Li Zhenzu, Yu Yuli, Wang Shiyue
School of Business, Zhuhai College of Science and Technology, Zhuhai, 519041, China.
Department of Ocean Science, The Hong Kong University of Science and Technology, Hongkong, 999077, China.
Sci Rep. 2024 Aug 20;14(1):19394. doi: 10.1038/s41598-024-70376-9.

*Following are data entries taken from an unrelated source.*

(* Let a binary game be given as described in the context, and suppose Assumptions (A1), (A2) and (A3) hold. Then problem (P) can be reformulated exactly as a mixed-integer program whose objective is linear or convex quadratic and whose constraints are all linear; for this reformulation the conclusions of the following two statements remain valid: (a) under (A1), $(x_i,y_i)_{i\in I}$ is a Nash equilibrium iff it extends, with all $\zeta_i^{(1)}=\zeta_i^{(0)}=0$, to a feasible point; (b) under (A1),(A2), every optimal solution yields a binary quasi-equilibrium $(x_i,y_i)_{i\in I}$ with compensation $\zeta_i=\zeta_i^{(1)}+\zeta_i^{(0)}$, and every binary quasi-equilibrium extends to a feasible point.
   Context: Binary game: players $i\in I=\{1,\dots,n\}$. Player $i$ chooses $x_i\in\{0,1\}$ and $y_i\in\mathbb{R}^m$ and solves $\min f_i(x_i,y_i,y_{-i})$ subject to $g_i(x_i,y_i)\le 0$, with $g_i:\{0,1\}\times\mathbb{R}^m\to\mathbb{R}^k$, $y_{-i}=(y_j)_{j\ne i}$; $K_i=\{(x_i,y_i):g_i(x_i,y_i)\le0\}$. Nash equilibrium: $((x_i^*,y_i^* )\in K_i)_{i}$ such that for every $i$, $y_i^*$ minimizes $f_i(x_i^*,\cdot,y_{-i}^* )$ over $\{y_i:g_i(x_i^*,y_i)\le0\}$ and $f_i(x_i^*,y_i^*,y_{-i}^* )\le f_i(x_i^\times,y_i^\times,y_{-i}^* )$, where $x_i^\times=1-x_i^*$ and $y_i^\times$ minimizes $f_i(x_i^\times,\cdot,y_{-i}^* )$ over $\{y_i:g_i(x_i^\times,y_i)\le0\}$. Binary quasi-equilibrium: same first condition, plus compensations $\zeta_i\ge0$ with $f_i(x_i^*,y_i^*,y_{-i}^* )-\zeta_i\le f_i(x_i^\times,y_i^\times,y_{-i}^* )$, $\zeta_i$ minimal with this property. (A1): for each $i$ and fixed $x_i$ (and $y_{-i}$), the KKT conditions w.r.t. $y_i$ are necessary and sufficient, and $\{y_i:g_i(x_i,y_i)\le0\}$ is compact and non-empty. (A2): $F,G$ (below) are convex quadratic or linear for each fixed binary vector, and $\partial G/\partial\zeta_i>0$. (A3): $f_i(x_i,y_i,y_{-i})=f_i^{(x)}(x_i,y_{-i})+f_i^{(y)}(y_i\mid y_{-i})$, where $f_i^{(x)}$ is linear in $x_i$ and $y_{-i}$, $f_i^{(y)}$ is linear in $y_i$ for fixed $y_{-i}$, and $\nabla_{y_i}f_i^{(y)}$ is linear in all variables; and the constraints are affine: $g_i(x_i,y_i)\le0$ reads $a_ix_i+A_iy_i\le b_i$ for vectors $a_i,b_i$ and a matrix $A_i$. Problem (P): with a sufficiently large constant $\widetilde K>0$, minimize $F((x_i,y_i)_{i})+G((\zeta_i^{(1)},\zeta_i^{(0)})_{i})$ over $x_i\in\{0,1\}$, $y_i,\widetilde y_i^{(1)},\widetilde y_i^{(0)}\in\mathbb{R}^m$, $\widetilde\lambda_i^{(b)}\in\mathbb{R}^k_+$, $\kappa_i^{(b)},\zeta_i^{(b)}\ge0$, subject to, for all $i$, $b\in\{0,1\}$: $\nabla_{y_i} f_i(b,\widetilde y_i^{(b)},y_{-i})+(\widetilde\lambda_i^{(b)})^T\nabla_{y_i} g_i(b,\widetilde y_i^{(b)})=0$; $0\le -g_i(b,\widetilde y_i^{(b)})\perp\widetilde\lambda_i^{(b)}\ge0$; $f_i(1,\widetilde y_i^{(1)},y_{-i})+\kappa_i^{(1)}-\zeta_i^{(1)}-\kappa_i^{(0)}+\zeta_i^{(0)}=f_i(0,\widetilde y_i^{(0)},y_{-i})$; $\kappa_i^{(1)}+\zeta_i^{(1)}\le x_i\widetilde K$; $\kappa_i^{(0)}+\zeta_i^{(0)}\le(1-x_i)\widetilde K$; $\widetilde y_i^{(0)}-x_i\widetilde K\le y_i\le\widetilde y_i^{(0)}+x_i\widetilde K$; $\widetilde y_i^{(1)}-(1-x_i)\widetilde K\le y_i\le\widetilde y_i^{(1)}+(1-x_i)\widetilde K$. *)

theory Defs
  imports "HOL-Analysis.Analysis"
begin
(* Every EPS-graph is $1$-critical, but not $0$-critical.
   Context: All graphs are finite and simple; $\mathrm{Forb}(H)$ is the family of graphs with no induced subgraph isomorphic to $H$. $\mathcal{C}$ is the family of complete graphs; $\iota(J)$ is the family of graphs isomorphic to induced subgraphs of $J$; $\mathcal{F}_1\vee\mathcal{F}_2$ (resp. $\mathcal{F}_1\wedge\mathcal{F}_2$) is the family of disjoint unions (resp. joins) of a graph in $\mathcal{F}_1$ and a graph in $\mathcal{F}_2$; $S_2$ is the edgeless graph on $2$ vertices, $K_2$ an edge. $\mathcal{C}^+$ is the family of graphs $G$ that are complete or such that $G\setminus v$ is complete for some $v\in V(G)$ with $\deg(v)\le1$. The complement of a star $K_{1,m}$ is called the complement of a star. For a positive integer $l$, a graph $H$ is an $l$-EPS-graph if: (EPS1) for every $1\le s\le l$, $V(H)$ can be partitioned into $s$ stable sets and $l-s$ cliques; (EPS2) for each $\mathcal{G}\in\{\iota(S_2)\vee\mathcal{C},\iota(K_2)\vee\mathcal{C},\iota(S_2)\wedge\mathcal{C},\mathcal{C}^+\}$, $V(H)$ can be partitioned into $l-1$ cliques and a set inducing a graph in $\mathcal{G}$; (EPS3) there is no partition $(X_1,\dots,X_l)$ of $V(H)$ such that $H[X_1]$ is a clique or a complement of a star and $X_i$ is a clique for $2\le i\le l$. An EPS-graph is an $l$-EPS-graph for some $l$. $\mathcal{H}(s,t)$ is the family of graphs whose vertex set partitions into $s$ stable sets and $t$ cliques. For hereditary $\mathcal{F}$, $\chi_c(\mathcal{F})$ is the maximum $l$ with $\mathcal{H}(s,l-s)\subseteq\mathcal{F}$ for some $0\le s\le l$. With $l=\chi_c(\mathcal{F})$, $J$ is $\mathcal{F}$-reduced if there is $0\le s\le l-1$ such that $\mathcal{F}$ contains every graph whose vertex set partitions into $l$ parts, one inducing a graph isomorphic to an induced subgraph of $J$, $s$ stable sets and $l-1-s$ cliques; $\mathrm{red}(\mathcal{F})$ is the family of $\mathcal{F}$-reduced graphs. A graph $G$ is an $s$-star if there is $S\subseteq V(G)$, $|S|\le s$, with $G-S$ complete or edgeless and every vertex of $S$ adjacent to all or none of $V(G)\setminus S$. A graph $H$ is $s$-critical if there is $n_0$ such that every $K\in\mathrm{red}(\mathrm{Forb}(H))$ with $|V(K)|\ge n_0$ is an $s$-star. *)

theory Defs
  imports Main
begin

text \<open>Finite simple graphs: a vertex set and a set of edges, each edge a 2-element set.\<close>
type_synonym 'a graph = "'a set \<times> 'a set set"

definition verts :: "'a graph \<Rightarrow> 'a set" where "verts G = fst G"
definition edges :: "'a graph \<Rightarrow> 'a set set" where "edges G = snd G"

definition wf_graph :: "'a graph \<Rightarrow> bool" where
  "wf_graph G \<longleftrightarrow> finite (verts G) \<and>
     (\<forall>e\<in>edges G. \<exists>u v. u \<in> verts G \<and> v \<in> verts G \<and> u \<noteq> v \<and> e = {u, v})"

definition adj :: "'a graph \<Rightarrow> 'a \<Rightarrow> 'a \<Rightarrow> bool" where
  "adj G u v \<longleftrightarrow> u \<noteq> v \<and> {u, v} \<in> edges G"

definition clique :: "'a graph \<Rightarrow> 'a set \<Rightarrow> bool" where
  "clique G X \<longleftrightarrow> X \<subseteq> verts G \<and> (\<forall>u\<in>X. \<forall>v\<in>X. u \<noteq> v \<longrightarrow> adj G u v)"

definition stable :: "'a graph \<Rightarrow> 'a set \<Rightarrow> bool" where
  "stable G X \<longleftrightarrow> X \<subseteq> verts G \<and> (\<forall>u\<in>X. \<forall>v\<in>X. \<not> adj G u v)"

definition induced :: "'a graph \<Rightarrow> 'a set \<Rightarrow> 'a graph" where
  "induced G X = (X, {e \<in> edges G. e \<subseteq> X})"

definition graph_iso :: "'a graph \<Rightarrow> 'b graph \<Rightarrow> bool" where
  "graph_iso G H \<longleftrightarrow> (\<exists>f. bij_betw f (verts G) (verts H) \<and>
      (\<forall>u\<in>verts G. \<forall>v\<in>verts G. adj G u v \<longleftrightarrow> adj H (f u) (f v)))"

text \<open>J contains an induced subgraph isomorphic to G (i.e. G is in iota(J)).\<close>
definition contains_induced :: "'a graph \<Rightarrow> 'b graph \<Rightarrow> bool" where
  "contains_induced J G \<longleftrightarrow> (\<exists>Y \<subseteq> verts J. graph_iso (induced J Y) G)"

text \<open>The vertex subset W partitions into s stable sets and t cliques (empty parts allowed).\<close>
definition part_st :: "'a graph \<Rightarrow> 'a set \<Rightarrow> nat \<Rightarrow> nat \<Rightarrow> bool" where
  "part_st G W s t \<longleftrightarrow> (\<exists>f :: 'a \<Rightarrow> nat. (\<forall>v\<in>W. f v < s + t) \<and>
      (\<forall>i<s. stable G {v\<in>W. f v = i}) \<and>
      (\<forall>i. s \<le> i \<and> i < s + t \<longrightarrow> clique G {v\<in>W. f v = i}))"

text \<open>The four families of EPS2 (disjoint union / join expressed via vertex partitions).\<close>
definition fam_S2_or_C :: "'a graph \<Rightarrow> bool" where
  "fam_S2_or_C G \<longleftrightarrow> (\<exists>A B. A \<inter> B = {} \<and> A \<union> B = verts G \<and> stable G A \<and> card A \<le> 2 \<and>
      clique G B \<and> (\<forall>a\<in>A. \<forall>b\<in>B. \<not> adj G a b))"

definition fam_K2_or_C :: "'a graph \<Rightarrow> bool" where
  "fam_K2_or_C G \<longleftrightarrow> (\<exists>A B. A \<inter> B = {} \<and> A \<union> B = verts G \<and> clique G A \<and> card A \<le> 2 \<and>
      clique G B \<and> (\<forall>a\<in>A. \<forall>b\<in>B. \<not> adj G a b))"

definition fam_S2_join_C :: "'a graph \<Rightarrow> bool" where
  "fam_S2_join_C G \<longleftrightarrow> (\<exists>A B. A \<inter> B = {} \<and> A \<union> B = verts G \<and> stable G A \<and> card A \<le> 2 \<and>
      clique G B \<and> (\<forall>a\<in>A. \<forall>b\<in>B. adj G a b))"

definition fam_Cplus :: "'a graph \<Rightarrow> bool" where
  "fam_Cplus G \<longleftrightarrow> clique G (verts G) \<or>
     (\<exists>v\<in>verts G. clique G (verts G - {v}) \<and> card {u\<in>verts G. adj G v u} \<le> 1)"

definition co_star :: "'a graph \<Rightarrow> bool" where
  "co_star G \<longleftrightarrow> (\<exists>v\<in>verts G. clique G (verts G - {v}) \<and> (\<forall>u\<in>verts G. \<not> adj G v u))"

definition EPS2_part :: "('a graph \<Rightarrow> bool) \<Rightarrow> nat \<Rightarrow> 'a graph \<Rightarrow> bool" where
  "EPS2_part P l H \<longleftrightarrow> (\<exists>X \<subseteq> verts H. P (induced H X) \<and> part_st H (verts H - X) 0 (l - 1))"

definition l_EPS :: "nat \<Rightarrow> 'a graph \<Rightarrow> bool" where
  "l_EPS l H \<longleftrightarrow> l \<ge> 1 \<and>
     (\<forall>s. 1 \<le> s \<and> s \<le> l \<longrightarrow> part_st H (verts H) s (l - s)) \<and>
     EPS2_part fam_S2_or_C l H \<and> EPS2_part fam_K2_or_C l H \<and>
     EPS2_part fam_S2_join_C l H \<and> EPS2_part fam_Cplus l H \<and>
     \<not> (\<exists>f :: 'a \<Rightarrow> nat. (\<forall>v\<in>verts H. f v < l) \<and>
          (clique H {v\<in>verts H. f v = 0} \<or> co_star (induced H {v\<in>verts H. f v = 0})) \<and>
          (\<forall>i. 1 \<le> i \<and> i < l \<longrightarrow> clique H {v\<in>verts H. f v = i}))"

definition EPS_graph :: "'a graph \<Rightarrow> bool" where
  "EPS_graph H \<longleftrightarrow> (\<exists>l. l_EPS l H)"

text \<open>Families of graphs are sets of graphs on vertex type nat (every finite graph has such a copy).\<close>
definition Forb :: "'a graph \<Rightarrow> nat graph set" where
  "Forb H = {G. wf_graph G \<and> \<not> contains_induced G H}"

definition H_st :: "nat \<Rightarrow> nat \<Rightarrow> nat graph set" where
  "H_st s t = {G. wf_graph G \<and> part_st G (verts G) s t}"

definition chi_c :: "nat graph set \<Rightarrow> nat" where
  "chi_c F = (GREATEST l. \<exists>s\<le>l. H_st s (l - s) \<subseteq> F)"

definition reduced :: "nat graph set \<Rightarrow> nat graph \<Rightarrow> bool" where
  "reduced F J \<longleftrightarrow> (let l = chi_c F in \<exists>s. s + 1 \<le> l \<and>
     (\<forall>G. wf_graph G \<and> (\<exists>X \<subseteq> verts G. contains_induced J (induced G X) \<and>
            part_st G (verts G - X) s (l - 1 - s)) \<longrightarrow> G \<in> F))"

definition red :: "nat graph set \<Rightarrow> nat graph set" where
  "red F = {J. wf_graph J \<and> reduced F J}"

definition s_star :: "nat \<Rightarrow> 'a graph \<Rightarrow> bool" where
  "s_star s G \<longleftrightarrow> (\<exists>S \<subseteq> verts G. card S \<le> s \<and>
     (clique G (verts G - S) \<or> stable G (verts G - S)) \<and>
     (\<forall>x\<in>S. (\<forall>y\<in>verts G - S. adj G x y) \<or> (\<forall>y\<in>verts G - S. \<not> adj G x y)))"

definition critical :: "nat \<Rightarrow> 'a graph \<Rightarrow> bool" where
  "critical s H \<longleftrightarrow> (\<exists>n0. \<forall>K\<in>red (Forb H). card (verts K) \<ge> n0 \<longrightarrow> s_star s K)"

end

theory Submission
  imports "HOL-Library.Ramsey" Defs
begin

text \<open>Let H be an l-EPS-graph. By EPS3, H is not the union of l cliques, while EPS1 and the C+
  piece of EPS2 split it into s stable sets and l' - s cliques for every l' > l and s \<le> l'. Hence
  chi_c(Forb H) = l, and J is Forb(H)-reduced iff for some s < l no induced subgraph H[X] with
  H - X splitting into s stable sets and l - 1 - s cliques lies in iota(J).

  By EPS3 every complement of a star is then reduced, and these are not 0-stars.

  Let K be a large reduced graph. By Ramsey's theorem K has a stable set or a clique of size at
  least 2|V(H)|; EPS1 with s + 1 stable sets excludes the stable set, and EPS1 with s stable sets
  forces s = 0. For a large clique C of K the four EPS2 pieces of H exclude two vertices
  anticomplete to C, two non-adjacent vertices complete to C, and an edge wq with w anticomplete
  and q complete to C (by EPS3 the C+ piece is a clique plus a vertex of degree exactly one).
  Applied to a maximum clique Q, the last two configurations make every vertex outside Q
  anticomplete to Q, and the first leaves at most one such vertex, so K is a 1-star.\<close>

lemma verts_induced [simp]: "verts (induced G X) = X"
  by (simp add: verts_def induced_def)

lemma adj_induced: "u \<in> X \<Longrightarrow> v \<in> X \<Longrightarrow> adj (induced G X) u v \<longleftrightarrow> adj G u v"
  by (auto simp: adj_def induced_def edges_def)

lemma adj_commute: "adj G u v \<longleftrightarrow> adj G v u"
  by (auto simp: adj_def insert_commute)

lemma adj_irrefl [simp]: "\<not> adj G u u"
  by (simp add: adj_def)

lemma clique_subset: "clique G X \<Longrightarrow> Y \<subseteq> X \<Longrightarrow> clique G Y"
  unfolding clique_def by auto

lemma clique_empty [simp]: "clique G {}" and stable_empty [simp]: "stable G {}"
  by (simp_all add: clique_def stable_def)

lemma clique_insert:
  "clique G (insert w Q) \<longleftrightarrow> clique G Q \<and> w \<in> verts G \<and> (\<forall>q\<in>Q. q \<noteq> w \<longrightarrow> adj G w q)"
  unfolding clique_def by (auto simp: adj_commute)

ESG (Environmental, Social and Governance) management practice is an important part of promoting sustainable operation and development of manufacturing enterprises. Currently, traditional evaluation methods have limitations such as low efficiency and lack of objectivity. To improve the efficiency and accuracy of ESG evaluation and promote the optimization of ESG performance in manufacturing enterprises, this article combined data mining and analytic hierarchy process (AHP) to conduct effective research on ESG management practice evaluation in manufacturing enterprises. This article adopted the best priority search strategy to collect and process enterprise ESG data. By using AHP to construct hierarchical and segmented objectives for target problems, a performance evaluation index system for management practices was built based on the evaluation objectives and hierarchical priority order. Finally, based on the performance evaluation of ESG management practices, the K-nearest Neighbor algorithm was applied to analyze historical data of key indicators. According to the weights, various key indicators were re-integrated, achieving practical evaluation and decision support for enterprise ESG management. To verify the effectiveness of data mining and AHP, this article took Z enterprise as the research object and conducted empirical analysis on it. The results showed that in terms of evaluation accuracy, the method proposed in this article achieved the highest evaluation accuracy of 92.51%, 91.16%, and 91.75% in environmental, social, and governance dimension data use case evaluation, respectively. The conclusion indicated that data mining and AHP could improve the accuracy of ESG management practice evaluation in enterprises, provide reliable decision support for enterprise development, and help promote sustainable development of enterprises.
ESG(环境、社会和治理)管理实践是促进制造企业可持续运营与发展的重要组成部分。当前,传统评估方法存在效率低下和缺乏客观性等局限性。为提高ESG评估的效率和准确性,促进制造企业ESG绩效优化,本文结合数据挖掘和层次分析法(AHP)对制造企业ESG管理实践评估进行有效研究。本文采用最佳优先搜索策略收集和处理企业ESG数据。通过运用AHP为目标问题构建分层和分段目标,基于评估目标和层次优先顺序建立了管理实践绩效评估指标体系。最后,基于ESG管理实践的绩效评估,应用K近邻算法分析关键指标的历史数据。根据权重,对各项关键指标进行重新整合,实现对企业ESG管理的实际评估和决策支持。为验证数据挖掘和AHP的有效性,本文以Z企业为研究对象并对其进行实证分析。结果表明,在评估准确性方面,本文提出的方法在环境、社会和治理维度数据用例评估中分别达到了92.51%、91.16%和91.75%的最高评估准确率。结论表明,数据挖掘和AHP能够提高企业ESG管理实践评估的准确性,为企业发展提供可靠的决策支持,并有助于推动企业可持续发展。